When it comes to fitness, we all know what’s good for us and what’s not. That early morning yoga class? Pretty good. Going right to the couch after work and curling up with a bag of chips? Not so good.
Research on the topic is abundant as well. It’s irrefutable that weight, level of physical activity, and dietary choices have an impact on our overall health. So with all this knowledge out there, why do so many of us still struggle to actually do anything to change our fitness?
The answer lies in one simple question: “What are you fit for?”
For example, both Person A and Person B might be tired after a long day of work, but go on a walk. Afterwards, Person A thinks, “Well, that was just a short walk but it was a great way to stretch my legs, and it felt good to get moving!” Person B, on the other hand, thinks, “That was such a short walk. That didn’t burn very many calories – I might as well have not gone.”
Person A has answered their “What am I fit for?” They would say, “I’m fit because I love how exercise makes me feel!” Person B does not know what they’re fit for, and considers their activity a chore that only exists to burn a certain amount of calories – and if they can’t meet that goal every single time, why bother?
Which person do you think is more likely to keep working on their fitness long-term? And, more importantly, which one will be happier?
The first step to answering your “What am I fit for?” is seeing fitness activities as things that are fun and rewarding, even if you only do a little, rather than things that have negative consequences if you don’t do enough. Although both are true, they create totally different mindsets.
Here are some “What am I fit for” answers to help spark your own:
“I’m fit for my kids.”
I want to have the energy and ability to keep up with my kids. Before, I had to sit on the park bench and watch them play, because I’d get tired long before they did. I didn’t want to miss out on that experience – they’re only young once, you know. So I started to improve my fitness. Now I can run after them. It’s much better family time this way!
“I’m fit because I like proving people wrong.”

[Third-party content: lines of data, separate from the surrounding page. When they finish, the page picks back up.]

(* Assume $\operatorname{char}\mathbb F\ne 2,3$. Let $A$ be a primitive axial algebra of Jordan type $\tfrac12$ which is a Jordan algebra of Clifford type, and let $\mathcal A$ be a closed set of $\tfrac12$-axes generating $A$ such that $A$ is a $3$-transposition algebra with respect to $\mathcal A$ and $D=\{\tau(a)\mid a\in\mathcal A,\ \tau(a)\ne\mathrm{id}\}$ is a conjugacy class of $G=\langle D\rangle$. Then $D$ is a set of $3$-transpositions of symplectic type in $G$.
   Context: For a commutative $\mathbb F$-algebra $A$, $a\in A$, $\lambda\in\mathbb F$, put $A_\lambda(a)=\{x: xa=\lambda x\}$. A $\tfrac12$-axis is an idempotent $a$ with $A=A_1(a)\oplus A_0(a)\oplus A_{1/2}(a)$, $A_1(a)=\mathbb F a$, and with $A_+(a)=A_1(a)\oplus A_0(a)$, $A_-(a)=A_{1/2}(a)$ satisfying $A_+A_+\subseteq A_+$, $A_+A_-\subseteq A_-$, $A_-A_-\subseteq A_+$, $A_0(a)A_0(a)\subseteq A_0(a)$. A primitive axial algebra of Jordan type $\tfrac12$ is a commutative algebra generated by $\tfrac12$-axes. The Miyamoto involution $\tau(a)$ acts as $1$ on $A_+(a)$ and $-1$ on $A_-(a)$. A set $\mathcal A$ of axes is closed if $a^{\tau(b)}\in\mathcal A$ for all $a,b\in\mathcal A$. $A$ is a $3$-transposition algebra with respect to a closed generating set $\mathcal A$ if every product of two elements of $D=\{\tau(a)\mid a\in\mathcal A,\tau(a)\ne\mathrm{id}\}$ has order $1$, $2$ or $3$. A Jordan algebra of Clifford type is an algebra isomorphic to $J(V,B)=\mathbb F\mathbf e\oplus V$ ($B$ a symmetric bilinear form on $V$) with product $(\alpha\mathbf e+u)(\beta\mathbf e+v)=(\alpha\beta+B(u,v))\mathbf e+\alpha v+\beta u$. A normal generating set $D$ of $3$-transpositions is of symplectic type if for all $d,e,f\in D$ with $\langle e,f\rangle\cong S_3$, $d$ commutes with at least one of $e,f,efe$. *)

theory Defs
  imports Main "HOL.Vector_Spaces" "HOL-Algebra.Bij" "HOL-Algebra.Generated_Groups" "HOL-Algebra.Sym_Groups"
begin

definition comm_algebra :: "('f::field \<Rightarrow> 'v::ab_group_add \<Rightarrow> 'v) \<Rightarrow> ('v \<Rightarrow> 'v \<Rightarrow> 'v) \<Rightarrow> bool" where
  "comm_algebra sc m \<longleftrightarrow> Vector_Spaces.vector_space sc \<and>
     (\<forall>x y. m x y = m y x) \<and>
     (\<forall>x y z. m (x + y) z = m x z + m y z) \<and>
     (\<forall>c x y. m (sc c x) y = sc c (m x y))"

definition eig :: "('f::field \<Rightarrow> 'v::ab_group_add \<Rightarrow> 'v) \<Rightarrow> ('v \<Rightarrow> 'v \<Rightarrow> 'v) \<Rightarrow> 'v \<Rightarrow> 'f \<Rightarrow> 'v set" where
  "eig sc m a l = {x. m x a = sc l x}"

definition Aplus :: "('f::field \<Rightarrow> 'v::ab_group_add \<Rightarrow> 'v) \<Rightarrow> ('v \<Rightarrow> 'v \<Rightarrow> 'v) \<Rightarrow> 'v \<Rightarrow> 'v set" where
  "Aplus sc m a = {p + q | p q. p \<in> eig sc m a 1 \<and> q \<in> eig sc m a 0}"

definition Aminus :: "('f::field \<Rightarrow> 'v::ab_group_add \<Rightarrow> 'v) \<Rightarrow> ('v \<Rightarrow> 'v \<Rightarrow> 'v) \<Rightarrow> 'v \<Rightarrow> 'v set" where
  "Aminus sc m a = eig sc m a (1/2)"

definition half_axis :: "('f::field \<Rightarrow> 'v::ab_group_add \<Rightarrow> 'v) \<Rightarrow> ('v \<Rightarrow> 'v \<Rightarrow> 'v) \<Rightarrow> 'v \<Rightarrow> bool" where
  "half_axis sc m a \<longleftrightarrow>
     m a a = a \<and>
     (\<forall>x. \<exists>x1 x0 xh. x1 \<in> eig sc m a 1 \<and> x0 \<in> eig sc m a 0 \<and> xh \<in> eig sc m a (1/2)
            \<and> x = x1 + x0 + xh) \<and>
     (\<forall>x1 x0 xh. x1 \<in> eig sc m a 1 \<and> x0 \<in> eig sc m a 0 \<and> xh \<in> eig sc m a (1/2)
            \<and> x1 + x0 + xh = 0 \<longrightarrow> x1 = 0 \<and> x0 = 0 \<and> xh = 0) \<and>
     eig sc m a 1 = range (\<lambda>c. sc c a) \<and>
     (\<forall>x\<in>Aplus sc m a. \<forall>y\<in>Aplus sc m a. m x y \<in> Aplus sc m a) \<and>
     (\<forall>x\<in>Aplus sc m a. \<forall>y\<in>Aminus sc m a. m x y \<in> Aminus sc m a) \<and>
     (\<forall>x\<in>Aminus sc m a. \<forall>y\<in>Aminus sc m a. m x y \<in> Aplus sc m a) \<and>
     (\<forall>x\<in>eig sc m a 0. \<forall>y\<in>eig sc m a 0. m x y \<in> eig sc m a 0)"

definition tau :: "('f::field \<Rightarrow> 'v::ab_group_add \<Rightarrow> 'v) \<Rightarrow> ('v \<Rightarrow> 'v \<Rightarrow> 'v) \<Rightarrow> 'v \<Rightarrow> 'v \<Rightarrow> 'v" where
  "tau sc m a x = (THE y. \<exists>p q. p \<in> Aplus sc m a \<and> q \<in> Aminus sc m a \<and> x = p + q \<and> y = p - q)"

definition alg_generates :: "('f::field \<Rightarrow> 'v::ab_group_add \<Rightarrow> 'v) \<Rightarrow> ('v \<Rightarrow> 'v \<Rightarrow> 'v) \<Rightarrow> 'v set \<Rightarrow> bool" where
  "alg_generates sc m X \<longleftrightarrow>
     (\<forall>S. module.subspace sc S \<and> (\<forall>x\<in>S. \<forall>y\<in>S. m x y \<in> S) \<and> X \<subseteq> S \<longrightarrow> S = UNIV)"

text \<open>Jordan algebra of Clifford type: isomorphic to J(V,B) = F e + V.  Transported
  along the isomorphism, this says: there is a nonzero e and a subspace V with
  A = F e (+) V and a symmetric bilinear form B on V such that the product is
  (a e + u)(b e + v) = (a b + B(u,v)) e + a v + b u.\<close>
definition clifford_type :: "('f::field \<Rightarrow> 'v::ab_group_add \<Rightarrow> 'v) \<Rightarrow> ('v \<Rightarrow> 'v \<Rightarrow> 'v) \<Rightarrow> bool" where
  "clifford_type sc m \<longleftrightarrow> (\<exists>e V B.
     e \<noteq> 0 \<and> module.subspace sc V \<and>
     (\<forall>c. sc c e \<in> V \<longrightarrow> c = 0) \<and>
     (\<forall>x. \<exists>c v. v \<in> V \<and> x = sc c e + v) \<and>
     (\<forall>u\<in>V. \<forall>v\<in>V. B u v = B v u) \<and>
     (\<forall>u\<in>V. \<forall>v\<in>V. \<forall>w\<in>V. B (u + v) w = B u w + B v w) \<and>
     (\<forall>c. \<forall>u\<in>V. \<forall>v\<in>V. B (sc c u) v = c * B u v) \<and>
     (\<forall>\<alpha> \<beta>. \<forall>u\<in>V. \<forall>v\<in>V.
        m (sc \<alpha> e + u) (sc \<beta> e + v) = sc (\<alpha> * \<beta> + B u v) e + sc \<alpha> v + sc \<beta> u))"

definition miyamoto_set :: "('f::field \<Rightarrow> 'v::ab_group_add \<Rightarrow> 'v) \<Rightarrow> ('v \<Rightarrow> 'v \<Rightarrow> 'v) \<Rightarrow> 'v set \<Rightarrow> ('v \<Rightarrow> 'v) set" where
  "miyamoto_set sc m X = {tau sc m a | a. a \<in> X \<and> tau sc m a \<noteq> id}"
(* Let $R$ be an integral domain which is a Hilbert ring. Then every radical ideal $I$ of $R[X]$ which is a finite intersection of G-ideals of $R[X]$ is power stable.
   Context: A ring is a Hilbert ring if every prime ideal is an intersection of maximal ideals. A prime ideal $Q$ of a ring $A$ is a G-ideal if the fraction field of $A/Q$ is finitely generated as an algebra over $A/Q$. An ideal $I$ of the polynomial ring $R[X]$ over an integral domain $R$ is called power stable if $I^t\cap R = (I\cap R)^t$ for all integers $t\geq 1$. *)

theory Defs
  imports "HOL-Computational_Algebra.Polynomial"
begin

definition is_ideal :: "'a::comm_ring_1 set \<Rightarrow> bool" where
  "is_ideal I \<longleftrightarrow> 0 \<in> I \<and> (\<forall>x\<in>I. \<forall>y\<in>I. x + y \<in> I) \<and> (\<forall>r. \<forall>x\<in>I. r * x \<in> I)"

definition prime_ideal :: "'a::comm_ring_1 set \<Rightarrow> bool" where
  "prime_ideal P \<longleftrightarrow> is_ideal P \<and> P \<noteq> UNIV \<and> (\<forall>a b. a * b \<in> P \<longrightarrow> a \<in> P \<or> b \<in> P)"

definition maximal_ideal :: "'a::comm_ring_1 set \<Rightarrow> bool" where
  "maximal_ideal M \<longleftrightarrow> is_ideal M \<and> M \<noteq> UNIV \<and>
     (\<forall>J. is_ideal J \<and> M \<subseteq> J \<longrightarrow> J = M \<or> J = UNIV)"

definition radical_ideal :: "'a::comm_ring_1 set \<Rightarrow> bool" where
  "radical_ideal I \<longleftrightarrow> is_ideal I \<and> (\<forall>x n. x ^ n \<in> I \<longrightarrow> x \<in> I)"

definition hilbert_ring :: "'a::comm_ring_1 itself \<Rightarrow> bool" where
  "hilbert_ring _ \<longleftrightarrow> (\<forall>P::'a set. prime_ideal P \<longrightarrow>
      (\<exists>S. (\<forall>M\<in>S. maximal_ideal M) \<and> P = \<Inter>S))"

definition ideal_gen :: "'a::comm_ring_1 set \<Rightarrow> 'a set" where
  "ideal_gen S = \<Inter>{J. is_ideal J \<and> S \<subseteq> J}"

definition ideal_prod :: "'a::comm_ring_1 set \<Rightarrow> 'a set \<Rightarrow> 'a set" where
  "ideal_prod I J = ideal_gen {a * b | a b. a \<in> I \<and> b \<in> J}"

fun ideal_pow :: "'a::comm_ring_1 set \<Rightarrow> nat \<Rightarrow> 'a set" where
  "ideal_pow I 0 = UNIV"
| "ideal_pow I (Suc n) = ideal_prod (ideal_pow I n) I"

text \<open>The fraction field of \<open>A/Q\<close> (for a prime ideal \<open>Q\<close>) is represented by pairs
  \<open>(a,b)\<close> of elements of \<open>A\<close> with \<open>b \<notin> Q\<close> (standing for \<open>(a + Q)/(b + Q)\<close>), where
  \<open>(a,b)\<close> and \<open>(c,d)\<close> denote the same element iff \<open>a d - c b \<in> Q\<close>.\<close>

definition frac_dom :: "'a::comm_ring_1 set \<Rightarrow> ('a \<times> 'a) set" where
  "frac_dom Q = {(a, b). b \<notin> Q}"

definition frac_eq :: "'a::comm_ring_1 set \<Rightarrow> 'a \<times> 'a \<Rightarrow> 'a \<times> 'a \<Rightarrow> bool" where
  "frac_eq Q p q \<longleftrightarrow> fst p * snd q - fst q * snd p \<in> Q"

text \<open>Representatives of the \<open>A/Q\<close>-subalgebra of the fraction field generated by \<open>S\<close>.\<close>
inductive_set frac_alg :: "'a::comm_ring_1 set \<Rightarrow> ('a \<times> 'a) set \<Rightarrow> ('a \<times> 'a) set"
  for Q S where
  base: "(a, 1) \<in> frac_alg Q S"
| gen: "s \<in> S \<Longrightarrow> s \<in> frac_alg Q S"
| add: "(a, b) \<in> frac_alg Q S \<Longrightarrow> (c, d) \<in> frac_alg Q S \<Longrightarrow> (a * d + c * b, b * d) \<in> frac_alg Q S"
| mult: "(a, b) \<in> frac_alg Q S \<Longrightarrow> (c, d) \<in> frac_alg Q S \<Longrightarrow> (a * c, b * d) \<in> frac_alg Q S"

definition G_ideal :: "'a::comm_ring_1 set \<Rightarrow> bool" where
  "G_ideal Q \<longleftrightarrow> prime_ideal Q \<and>
     (\<exists>S. finite S \<and> S \<subseteq> frac_dom Q \<and>
        (\<forall>p\<in>frac_dom Q. \<exists>q\<in>frac_alg Q S. frac_eq Q q p))"

definition contract :: "'a::comm_ring_1 poly set \<Rightarrow> 'a set" where
  "contract I = {a. [:a:] \<in> I}"

definition power_stable :: "'a::idom poly set \<Rightarrow> bool" where
  "power_stable I \<longleftrightarrow> (\<forall>t::nat. t \<ge> 1 \<longrightarrow> contract (ideal_pow I t) = ideal_pow (contract I) t)"

end

theory Submission
  imports Defs
begin

(*
  Write q = Q \<inter> R (contract Q) and q[X] for the polynomials with coefficients in q.

  The inclusion (I \<inter> R)^t \<subseteq> I^t \<inter> R holds for every ideal.  For the converse we show, for a
  G-ideal Q, that q is maximal and Q^t \<inter> R \<subseteq> q^t; then
    I^t \<inter> R \<subseteq> \<Inter>_i (Q_i^t \<inter> R) \<subseteq> \<Inter>_i q_i^t \<subseteq> (\<Inter>_i q_i)^t = (I \<inter> R)^t,
  the last inclusion holding for finitely many maximal ideals (checked locally at every
  maximal ideal of R).

  The analysis of a G-ideal Q:  a G-witness u (every b \<notin> Q divides a power of u modulo Q)
  shows Q \<noteq> q[X].  Fix p \<in> Q of least degree N outside q[X]; its leading coefficient is not
  in q, and every element outside Q divides, modulo Q, a constant outside q.  If q were not
  maximal, the Hilbert property yields a maximal M \<supset> q and a prime P \<supseteq> Q lying over M
  which must contain u, contradicting this for v = u.  Once q is maximal, p can be made
  monic, Q = f R[X] + q[X], hence Q^t \<subseteq> f R[X] + q^t[X], and a constant in the latter
  lies in q^t.
*)

section \<open>Ideals of a commutative ring\<close>

lemma idealD:
  assumes "is_ideal I"
  shows "0 \<in> I" "x \<in> I \<Longrightarrow> y \<in> I \<Longrightarrow> x + y \<in> I" "x \<in> I \<Longrightarrow> r * x \<in> I"
    "x \<in> I \<Longrightarrow> x * r \<in> I" "x \<in> I \<Longrightarrow> - x \<in> I" "x \<in> I \<Longrightarrow> y \<in> I \<Longrightarrow> x - y \<in> I"
  using assms unfolding is_ideal_def
  by (metis mult.commute, blast, blast, metis mult.commute, metis mult_minus1,
      metis diff_conv_add_uminus mult_minus1)

lemma ideal_sum: "is_ideal I \<Longrightarrow> (\<And>i. i \<in> A \<Longrightarrow> f i \<in> I) \<Longrightarrow> sum f A \<in> I"
  by (induction A rule: infinite_finite_induct) (auto intro: idealD)

lemma ideal_prod_factor: "is_ideal I \<Longrightarrow> finite A \<Longrightarrow> i \<in> A \<Longrightarrow> f i \<in> I \<Longrightarrow> prod f A \<in> I"
  by (metis idealD(4) prod.remove)

lemma ideal_one: "is_ideal I \<Longrightarrow> 1 \<in> I \<Longrightarrow> I = UNIV"
  using idealD(3)[of I 1] by auto

lemma ideal_Inter: "(\<And>J. J \<in> S \<Longrightarrow> is_ideal J) \<Longrightarrow> is_ideal (\<Inter>S)"
  unfolding is_ideal_def by (simp add: Inter_iff)

lemma ideal_colon: "is_ideal J \<Longrightarrow> is_ideal {y. \<forall>z\<in>Z. y * z \<in> J}"
  unfolding is_ideal_def by (auto simp: algebra_simps)

lemma ideal_colon_elem: "is_ideal J \<Longrightarrow> is_ideal {z. c * z \<in> J}"
  unfolding is_ideal_def by (auto simp: algebra_simps)

lemma ideal_gen_ideal: "is_ideal (ideal_gen S)"
  unfolding ideal_gen_def by (rule ideal_Inter) auto

lemma ideal_prod_mem: "a \<in> A \<Longrightarrow> b \<in> B \<Longrightarrow> a * b \<in> ideal_prod A B"
  unfolding ideal_prod_def ideal_gen_def by blast

lemma ideal_prod_ideal: "is_ideal (ideal_prod A B)"
  unfolding ideal_prod_def by (rule ideal_gen_ideal)

lemma ideal_prod_least:
  "is_ideal C \<Longrightarrow> (\<And>a b. a \<in> A \<Longrightarrow> b \<in> B \<Longrightarrow> a * b \<in> C) \<Longrightarrow> ideal_prod A B \<subseteq> C"
  unfolding ideal_prod_def ideal_gen_def by blast

lemma ideal_UNIV: "is_ideal UNIV"
  by (simp add: is_ideal_def)

lemma ideal_pow_ideal: "is_ideal (ideal_pow I t)"
  by (cases t) (simp_all add: ideal_UNIV ideal_prod_ideal)

lemma ideal_pow_mono: "A \<subseteq> B \<Longrightarrow> ideal_pow A t \<subseteq> ideal_pow B t"
proof (induction t)
  case (Suc t)
  then show ?case
    by (auto intro!: ideal_prod_least[OF ideal_prod_ideal] ideal_prod_mem)
qed simp

lemma power_in_ideal_pow: "a \<in> A \<Longrightarrow> a ^ t \<in> ideal_pow A t"
proof (induction t)
  case (Suc t)
  then have "a ^ t * a \<in> ideal_prod (ideal_pow A t) A" by (intro ideal_prod_mem)
  then show ?case by (simp add: mult.commute)
qed simp

lemma ideal_pow_mult:
  fixes A B C :: "'a::comm_ring_1 set"
  assumes iC: "is_ideal C" and AB: "\<And>a b. a \<in> A \<Longrightarrow> b \<in> B \<Longrightarrow> a * b \<in> C"
  shows "y \<in> ideal_pow A t \<Longrightarrow> z \<in> ideal_pow B t \<Longrightarrow> y * z \<in> ideal_pow C t"
proof (induction t arbitrary: y z)
  case (Suc t)
  let ?C = "ideal_pow C (Suc t)"
  have "ideal_prod (ideal_pow A t) A \<subseteq> {y. \<forall>z\<in>ideal_prod (ideal_pow B t) B. y * z \<in> ?C}"
  proof (rule ideal_prod_least[OF ideal_colon[OF ideal_pow_ideal]])
    fix y1 a assume ya: "y1 \<in> ideal_pow A t" "a \<in> A"
    have "ideal_prod (ideal_pow B t) B \<subseteq> {z. (y1 * a) * z \<in> ?C}"
    proof (rule ideal_prod_least[OF ideal_colon_elem[OF ideal_pow_ideal]])
      fix z1 b assume zb: "z1 \<in> ideal_pow B t" "b \<in> B"
      have "(y1 * z1) * (a * b) \<in> ?C"
        using ideal_prod_mem[OF Suc.IH[OF ya(1) zb(1)] AB[OF ya(2) zb(2)]] by simp
      then show "z1 * b \<in> {z. (y1 * a) * z \<in> ?C}" by (simp add: algebra_simps)
    qed
    then show "y1 * a \<in> {y. \<forall>z\<in>ideal_prod (ideal_pow B t) B. y * z \<in> ?C}" by blast
  qed
  then show ?case using Suc.prems by auto
qed simp

lemma prime_ideal_D:
  assumes "prime_ideal P"
  shows "is_ideal P" "1 \<notin> P" "a * b \<in> P \<Longrightarrow> a \<in> P \<or> b \<in> P"
  using assms ideal_one unfolding prime_ideal_def by blast+

lemma prime_power: "prime_ideal P \<Longrightarrow> x ^ n \<in> P \<Longrightarrow> x \<in> P"
  by (induction n) (auto dest: prime_ideal_D)

lemma prime_prod:
  assumes "prime_ideal P" "finite A" "\<And>i. i \<in> A \<Longrightarrow> f i \<notin> P"
  shows "prod f A \<notin> P"
  using assms(2,3)
proof (induction A rule: finite_induct)
  case (insert x F)
  then have "f x \<notin> P" "prod f F \<notin> P" by auto
  then show ?case using prime_ideal_D(3)[OF assms(1)] insert(1,2) by auto
qed (use prime_ideal_D(2)[OF assms(1)] in simp)

lemma maximal_ideal_is_ideal: "maximal_ideal M \<Longrightarrow> is_ideal M"
  unfolding maximal_ideal_def by blast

I’ve always been told that I’m “too thin” (my family is all tiny). Plus, I’m pretty short, so I felt like people were always making the assumption that I was weak or fragile. I took up weight training because it seemed like something that no one would expect me to do. When I started, I could barely lift the lightest dumbbells for more than a few repetitions. Now I can lift up to 40 lbs. in some exercises! I don’t look all that different, but I feel great.
“I’m fit for my girlfriend.”
No, not because she’s that superficial. She loves me no matter how I look. Don’t get me wrong, I do want to look good for her. But I also want to be healthy so we can spend a long life together. If we ever have kids, I want to set a good example for them, too.
“I’m fit because I love a challenge.”
I ran track in high school and enjoyed it. I quit running when I went to college, but I always missed it. Life (full-time job, two kids, knee injury) just kept getting in the way. Not long ago, I decided to start jogging again, just around my neighborhood. There’s such a joy in being able to move, even if I’m slower now than when I was running competitively. I just try to do a little more each day, and remember that the only person I’m competing against is myself!
“I’m fit for my sport!”
I started training in Brazilian jiu-jitsu when I was a teenager, and I fell in love with it (for those of you who don’t know, Brazilian jiu-jitsu or BJJ is a martial art/sport involving grappling). After a few years, I started competing in tournaments. Now, obviously you want to be in good shape for any competitive sport, but it’s essential for BJJ. Tournaments are divided by weight for fairness, so you don’t want a lot of “excess luggage.” It’s no fun being the guy who’s 190 lbs. because he’s overweight going against the guy who’s 190 lbs. of all muscle – trust me, I’ve been there.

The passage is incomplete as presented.